As for the minor premise, there is no question that those who actively and outwardly espouse damnable error can lead people astray, especially when they have skill and personality.5
Take a minute to appreciate the irony that this sentence was written by the same man who bases his entire political theory on a wildly unsound imagining of prelapsarian earth and of our post-fall nature, built upon no exegesis of his own, that was roundly rejected by nearly every theologian who reviewed his book. For example, Andrew T. Walker, a professor of ethics and public theology at Southern Baptist Theological Seminary wrote:
He points to what the world must have been like in Genesis 1 and 2 had they continued without the fall. But the argument about the natural principles in Genesis 1 go beyond what the text allows. “Duty” denotes the idea of authority to command such outcomes. But, again, the most that Wolfe does is make inferences from an unfallen Adam to the role of government today. He fails entirely to give sufficient attention to the Bible’s creation-fall-redemption-restoration storyline and assumes we can simply repristinate Eden without calling attention to the developing saga of the covenants and what they require for government’s calling. Wolfe seems to think that the world of Genesis 1-2 is the world that contemporary governments are called to resurrect.

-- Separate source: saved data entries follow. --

(* Let $(T,\eta,\mu,T_0,m_0)$ be an ideal monad on a category $\mathcal{C}$ with finite coproducts. Then the Eilenberg–Moore category $\mathbf{EM}(T)$ is isomorphic to the full subcategory of the category $\mathbf{Alg}(T_0)$ of functor $T_0$-algebras consisting of those $a:T_0X\to X$ satisfying $a\circ m_{0,X}=a\circ T_0[\mathrm{id}_X,a]$ (as maps $T_0TX=T_0(X+T_0X)\to X$).
   Context: An ideal monad $(T,\eta,\mu,T_0,m_0)$ on a category with finite coproducts consists of a monad $(T,\eta,\mu)$ with $T=\mathrm{Id}+T_0$ for an endofunctor $T_0$, unit $\eta=\mathrm{inl}:\mathrm{Id}\to\mathrm{Id}+T_0$, and a natural transformation $m_0:T_0T\to T_0$ such that $\mu\circ\mathrm{inr}_T=\mathrm{inr}\circ m_0$, equivalently $\mu=[\mathrm{id}_{\mathrm{Id}+T_0},\ \mathrm{inr}\circ m_0]$. A functor $T_0$-algebra is a morphism $a:T_0X\to X$; a morphism of such algebras $a\to b$ is $f:X\to Y$ with $f\circ a=b\circ T_0f$. *)

theory Defs
  imports Main
begin

record ('o,'a) cat =
  Obj :: "'o set"
  Arr :: "'a set"
  Dom :: "'a \<Rightarrow> 'o"
  Cod :: "'a \<Rightarrow> 'o"
  Ide :: "'o \<Rightarrow> 'a"
  Comp :: "'a \<Rightarrow> 'a \<Rightarrow> 'a"   (* Comp C g f = g \<circ> f *)

definition hom :: "('o,'a) cat \<Rightarrow> 'o \<Rightarrow> 'o \<Rightarrow> 'a set" where
  "hom C X Y = {f \<in> Arr C. Dom C f = X \<and> Cod C f = Y}"

definition category :: "('o,'a) cat \<Rightarrow> bool" where
  "category C \<longleftrightarrow>
     (\<forall>f\<in>Arr C. Dom C f \<in> Obj C \<and> Cod C f \<in> Obj C) \<and>
     (\<forall>X\<in>Obj C. Ide C X \<in> hom C X X) \<and>
     (\<forall>f\<in>Arr C. \<forall>g\<in>Arr C. Cod C f = Dom C g \<longrightarrow> Comp C g f \<in> hom C (Dom C f) (Cod C g)) \<and>
     (\<forall>f\<in>Arr C. Comp C f (Ide C (Dom C f)) = f \<and> Comp C (Ide C (Cod C f)) f = f) \<and>
     (\<forall>f\<in>Arr C. \<forall>g\<in>Arr C. \<forall>h\<in>Arr C. Cod C f = Dom C g \<longrightarrow> Cod C g = Dom C h \<longrightarrow>
        Comp C h (Comp C g f) = Comp C (Comp C h g) f)"

definition "functor" :: "('o,'a) cat \<Rightarrow> ('p,'b) cat \<Rightarrow> ('o \<Rightarrow> 'p) \<Rightarrow> ('a \<Rightarrow> 'b) \<Rightarrow> bool" where
  "functor C D Fo Fa \<longleftrightarrow>
     (\<forall>X\<in>Obj C. Fo X \<in> Obj D) \<and>
     (\<forall>f\<in>Arr C. Fa f \<in> hom D (Fo (Dom C f)) (Fo (Cod C f))) \<and>
     (\<forall>X\<in>Obj C. Fa (Ide C X) = Ide D (Fo X)) \<and>
     (\<forall>f\<in>Arr C. \<forall>g\<in>Arr C. Cod C f = Dom C g \<longrightarrow> Fa (Comp C g f) = Comp D (Fa g) (Fa f))"

definition nat_trans :: "('o,'a) cat \<Rightarrow> ('p,'b) cat \<Rightarrow> ('o \<Rightarrow> 'p) \<Rightarrow> ('a \<Rightarrow> 'b)
    \<Rightarrow> ('o \<Rightarrow> 'p) \<Rightarrow> ('a \<Rightarrow> 'b) \<Rightarrow> ('o \<Rightarrow> 'b) \<Rightarrow> bool" where
  "nat_trans C D Fo Fa Go Ga \<tau> \<longleftrightarrow>
     (\<forall>X\<in>Obj C. \<tau> X \<in> hom D (Fo X) (Go X)) \<and>
     (\<forall>f\<in>Arr C. Comp D (\<tau> (Cod C f)) (Fa f) = Comp D (Ga f) (\<tau> (Dom C f)))"

definition iso_cat :: "('o,'a) cat \<Rightarrow> ('p,'b) cat \<Rightarrow> bool" where
  "iso_cat C D \<longleftrightarrow> (\<exists>Fo Fa Go Ga. functor C D Fo Fa \<and> functor D C Go Ga \<and>
     (\<forall>X\<in>Obj C. Go (Fo X) = X) \<and> (\<forall>f\<in>Arr C. Ga (Fa f) = f) \<and>
     (\<forall>Y\<in>Obj D. Fo (Go Y) = Y) \<and> (\<forall>g\<in>Arr D. Fa (Ga g) = g))"

definition binary_coproduct :: "('o,'a) cat \<Rightarrow> 'o \<Rightarrow> 'o \<Rightarrow> 'o \<Rightarrow> 'a \<Rightarrow> 'a \<Rightarrow> bool" where
  "binary_coproduct C X Y P i j \<longleftrightarrow> P \<in> Obj C \<and> i \<in> hom C X P \<and> j \<in> hom C Y P \<and>
     (\<forall>Z\<in>Obj C. \<forall>f\<in>hom C X Z. \<forall>g\<in>hom C Y Z.
        \<exists>!h. h \<in> hom C P Z \<and> Comp C h i = f \<and> Comp C h j = g)"

definition initial_object :: "('o,'a) cat \<Rightarrow> 'o \<Rightarrow> bool" where
  "initial_object C I \<longleftrightarrow> I \<in> Obj C \<and> (\<forall>Z\<in>Obj C. \<exists>!h. h \<in> hom C I Z)"

definition has_finite_coproducts ::
  "('o,'a) cat \<Rightarrow> ('o \<Rightarrow> 'o \<Rightarrow> 'o) \<Rightarrow> ('o \<Rightarrow> 'o \<Rightarrow> 'a) \<Rightarrow> ('o \<Rightarrow> 'o \<Rightarrow> 'a) \<Rightarrow> bool" where
  "has_finite_coproducts C cp inl inr \<longleftrightarrow> (\<exists>I. initial_object C I) \<and>
     (\<forall>X\<in>Obj C. \<forall>Y\<in>Obj C. binary_coproduct C X Y (cp X Y) (inl X Y) (inr X Y))"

This notion, however, ignores massively the fall and the calling of government within a fallen era, as detailed in the Noahic Covenant in Genesis 9.6
The last person qualified to discuss punishing “damnable [theological] error” is someone who is guilty of it himself and who, as Walker points out, fails to even properly incorporate the four points of the gospel into his expressed worldview.
Next:
Stephen Wolfe, The Case for Christian Nationalism (Moscow, Idaho: Canon Press, 2022), 360.
Ibid., 360.
Ibid., 361.
Ibid., 361.
Ibid., 362.
Andrew T. Walker, “Book Review: The Case for Christian Nationalism, by Stephen Wolfe,” 9Marks, accessed May 16, 2023, https://www.9marks.org/article/a-baptist-engagement-with-the-case-for-christian-nationalism/.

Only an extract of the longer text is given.